*Task details*:
Copy out the entries below exactly as they stand, but only from the line containing "theory Defs" through the line containing "X) *\<^sub>v (transpose_mat".

Dataset entries:
[Start of Attachment]

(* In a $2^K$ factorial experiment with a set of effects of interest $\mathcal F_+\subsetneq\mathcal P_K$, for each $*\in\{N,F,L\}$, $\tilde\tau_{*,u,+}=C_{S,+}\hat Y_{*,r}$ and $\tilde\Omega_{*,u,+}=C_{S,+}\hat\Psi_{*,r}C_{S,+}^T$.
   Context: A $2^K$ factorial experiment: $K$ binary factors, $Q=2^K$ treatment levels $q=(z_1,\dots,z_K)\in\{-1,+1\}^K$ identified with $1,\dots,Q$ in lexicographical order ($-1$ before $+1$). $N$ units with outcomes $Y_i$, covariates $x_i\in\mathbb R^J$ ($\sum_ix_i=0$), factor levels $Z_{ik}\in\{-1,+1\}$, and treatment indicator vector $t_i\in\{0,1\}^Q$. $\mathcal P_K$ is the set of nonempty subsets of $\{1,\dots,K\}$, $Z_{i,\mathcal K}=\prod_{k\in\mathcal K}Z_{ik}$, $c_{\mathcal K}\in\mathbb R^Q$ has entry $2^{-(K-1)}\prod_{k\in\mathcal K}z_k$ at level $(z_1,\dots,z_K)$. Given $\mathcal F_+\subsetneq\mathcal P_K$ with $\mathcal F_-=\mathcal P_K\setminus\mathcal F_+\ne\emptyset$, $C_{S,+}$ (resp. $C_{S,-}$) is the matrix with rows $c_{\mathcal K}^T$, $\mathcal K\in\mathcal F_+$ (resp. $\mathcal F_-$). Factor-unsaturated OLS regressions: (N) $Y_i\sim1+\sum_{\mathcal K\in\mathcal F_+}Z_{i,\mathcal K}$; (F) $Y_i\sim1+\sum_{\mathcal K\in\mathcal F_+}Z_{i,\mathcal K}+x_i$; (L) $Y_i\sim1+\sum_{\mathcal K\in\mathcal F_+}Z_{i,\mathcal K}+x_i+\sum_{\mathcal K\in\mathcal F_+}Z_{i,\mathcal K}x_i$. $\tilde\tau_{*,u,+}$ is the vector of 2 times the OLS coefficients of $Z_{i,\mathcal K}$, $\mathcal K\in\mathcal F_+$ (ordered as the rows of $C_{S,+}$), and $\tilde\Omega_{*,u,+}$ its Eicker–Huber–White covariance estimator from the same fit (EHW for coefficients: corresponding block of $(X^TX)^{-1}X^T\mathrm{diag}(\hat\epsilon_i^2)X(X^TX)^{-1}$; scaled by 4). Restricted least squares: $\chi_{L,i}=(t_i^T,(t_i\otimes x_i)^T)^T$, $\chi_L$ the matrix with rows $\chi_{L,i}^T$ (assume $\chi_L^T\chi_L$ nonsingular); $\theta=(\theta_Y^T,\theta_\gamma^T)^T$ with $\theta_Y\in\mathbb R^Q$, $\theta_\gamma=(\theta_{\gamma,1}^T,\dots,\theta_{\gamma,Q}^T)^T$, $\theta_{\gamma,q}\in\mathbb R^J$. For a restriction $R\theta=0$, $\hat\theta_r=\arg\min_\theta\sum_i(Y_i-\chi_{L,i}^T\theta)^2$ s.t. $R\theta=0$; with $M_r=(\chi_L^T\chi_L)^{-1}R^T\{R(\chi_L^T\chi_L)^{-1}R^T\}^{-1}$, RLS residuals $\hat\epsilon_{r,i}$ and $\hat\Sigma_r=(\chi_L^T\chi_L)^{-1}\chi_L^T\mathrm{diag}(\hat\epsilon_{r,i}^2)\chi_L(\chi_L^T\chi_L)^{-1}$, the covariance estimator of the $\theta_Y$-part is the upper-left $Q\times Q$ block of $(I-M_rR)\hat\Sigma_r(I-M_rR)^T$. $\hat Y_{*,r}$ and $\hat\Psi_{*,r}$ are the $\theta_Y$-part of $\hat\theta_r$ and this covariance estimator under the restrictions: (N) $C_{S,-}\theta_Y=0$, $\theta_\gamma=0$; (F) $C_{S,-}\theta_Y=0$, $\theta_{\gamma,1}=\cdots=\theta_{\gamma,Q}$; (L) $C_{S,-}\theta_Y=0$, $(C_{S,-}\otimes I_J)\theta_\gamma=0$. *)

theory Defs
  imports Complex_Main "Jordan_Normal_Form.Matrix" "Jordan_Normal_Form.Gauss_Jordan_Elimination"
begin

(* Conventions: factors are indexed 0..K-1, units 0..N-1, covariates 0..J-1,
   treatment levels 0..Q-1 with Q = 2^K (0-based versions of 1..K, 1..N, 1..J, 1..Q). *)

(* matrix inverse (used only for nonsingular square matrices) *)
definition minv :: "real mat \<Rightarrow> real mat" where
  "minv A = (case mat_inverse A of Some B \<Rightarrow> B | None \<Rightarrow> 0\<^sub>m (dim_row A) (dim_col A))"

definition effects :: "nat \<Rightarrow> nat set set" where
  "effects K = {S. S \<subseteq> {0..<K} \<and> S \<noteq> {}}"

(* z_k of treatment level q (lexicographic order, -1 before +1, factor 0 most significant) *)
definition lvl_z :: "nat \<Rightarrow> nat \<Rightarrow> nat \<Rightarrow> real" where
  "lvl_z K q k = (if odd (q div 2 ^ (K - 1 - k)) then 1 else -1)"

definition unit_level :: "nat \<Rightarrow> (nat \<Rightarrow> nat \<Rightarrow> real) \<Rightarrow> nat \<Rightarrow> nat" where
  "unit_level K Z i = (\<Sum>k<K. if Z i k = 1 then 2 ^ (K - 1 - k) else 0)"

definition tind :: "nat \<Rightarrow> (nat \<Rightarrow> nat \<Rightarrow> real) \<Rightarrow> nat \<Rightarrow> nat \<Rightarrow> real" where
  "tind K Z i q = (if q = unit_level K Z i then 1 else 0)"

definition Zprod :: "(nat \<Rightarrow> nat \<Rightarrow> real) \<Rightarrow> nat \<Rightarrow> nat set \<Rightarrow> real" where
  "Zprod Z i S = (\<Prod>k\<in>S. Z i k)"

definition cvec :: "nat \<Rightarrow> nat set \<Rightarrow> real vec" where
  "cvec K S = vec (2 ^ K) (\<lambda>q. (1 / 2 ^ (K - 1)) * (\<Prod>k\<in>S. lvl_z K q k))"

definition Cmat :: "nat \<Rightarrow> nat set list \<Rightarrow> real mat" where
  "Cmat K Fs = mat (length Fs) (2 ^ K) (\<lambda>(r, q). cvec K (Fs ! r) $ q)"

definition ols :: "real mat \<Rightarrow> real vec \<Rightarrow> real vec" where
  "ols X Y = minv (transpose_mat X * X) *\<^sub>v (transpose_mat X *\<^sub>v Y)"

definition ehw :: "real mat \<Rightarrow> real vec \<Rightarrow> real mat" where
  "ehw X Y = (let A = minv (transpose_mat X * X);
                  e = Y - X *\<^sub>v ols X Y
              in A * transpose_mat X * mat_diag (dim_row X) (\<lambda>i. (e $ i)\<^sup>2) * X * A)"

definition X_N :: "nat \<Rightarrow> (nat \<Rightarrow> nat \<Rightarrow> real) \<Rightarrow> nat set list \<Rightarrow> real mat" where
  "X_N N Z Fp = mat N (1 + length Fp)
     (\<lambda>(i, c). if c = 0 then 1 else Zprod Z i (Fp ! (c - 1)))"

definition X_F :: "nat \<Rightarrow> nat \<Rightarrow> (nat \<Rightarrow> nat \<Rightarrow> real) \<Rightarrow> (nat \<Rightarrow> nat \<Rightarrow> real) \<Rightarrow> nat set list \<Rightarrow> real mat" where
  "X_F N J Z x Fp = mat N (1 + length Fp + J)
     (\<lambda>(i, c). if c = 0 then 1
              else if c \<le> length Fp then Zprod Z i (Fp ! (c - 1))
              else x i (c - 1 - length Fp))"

[End of Attachment]

*Response for this exercise*:
theory Defs
  imports Complex_Main "Jordan_Normal_Form.Matrix" "Jordan_Normal_Form.Gauss_Jordan_Elimination"
begin

(* Conventions: factors are indexed 0..K-1, units 0..N-1, covariates 0..J-1,
   treatment levels 0..Q-1 with Q = 2^K (0-based versions of 1..K, 1..N, 1..J, 1..Q). *)

(* matrix inverse (used only for nonsingular square matrices) *)
definition minv :: "real mat \<Rightarrow> real mat" where
  "minv A = (case mat_inverse A of Some B \<Rightarrow> B | None \<Rightarrow> 0\<^sub>m (dim_row A) (dim_col A))"

definition effects :: "nat \<Rightarrow> nat set set" where
  "effects K = {S. S \<subseteq> {0..<K} \<and> S \<noteq> {}}"

(* z_k of treatment level q (lexicographic order, -1 before +1, factor 0 most significant) *)
definition lvl_z :: "nat \<Rightarrow> nat \<Rightarrow> nat \<Rightarrow> real" where
  "lvl_z K q k = (if odd (q div 2 ^ (K - 1 - k)) then 1 else -1)"

definition unit_level :: "nat \<Rightarrow> (nat \<Rightarrow> nat \<Rightarrow> real) \<Rightarrow> nat \<Rightarrow> nat" where
  "unit_level K Z i = (\<Sum>k<K. if Z i k = 1 then 2 ^ (K - 1 - k) else 0)"

definition tind :: "nat \<Rightarrow> (nat \<Rightarrow> nat \<Rightarrow> real) \<Rightarrow> nat \<Rightarrow> nat \<Rightarrow> real" where
  "tind K Z i q = (if q = unit_level K Z i then 1 else 0)"

definition Zprod :: "(nat \<Rightarrow> nat \<Rightarrow> real) \<Rightarrow> nat \<Rightarrow> nat set \<Rightarrow> real" where
  "Zprod Z i S = (\<Prod>k\<in>S. Z i k)"

definition cvec :: "nat \<Rightarrow> nat set \<Rightarrow> real vec" where
  "cvec K S = vec (2 ^ K) (\<lambda>q. (1 / 2 ^ (K - 1)) * (\<Prod>k\<in>S. lvl_z K q k))"

definition Cmat :: "nat \<Rightarrow> nat set list \<Rightarrow> real mat" where
  "Cmat K Fs = mat (length Fs) (2 ^ K) (\<lambda>(r, q). cvec K (Fs ! r) $ q)"

definition ols :: "real mat \<Rightarrow> real vec \<Rightarrow> real vec" where
  "ols X Y = minv (transpose_mat X * X) *\<^sub>v (transpose_mat X *\<^sub>v Y)"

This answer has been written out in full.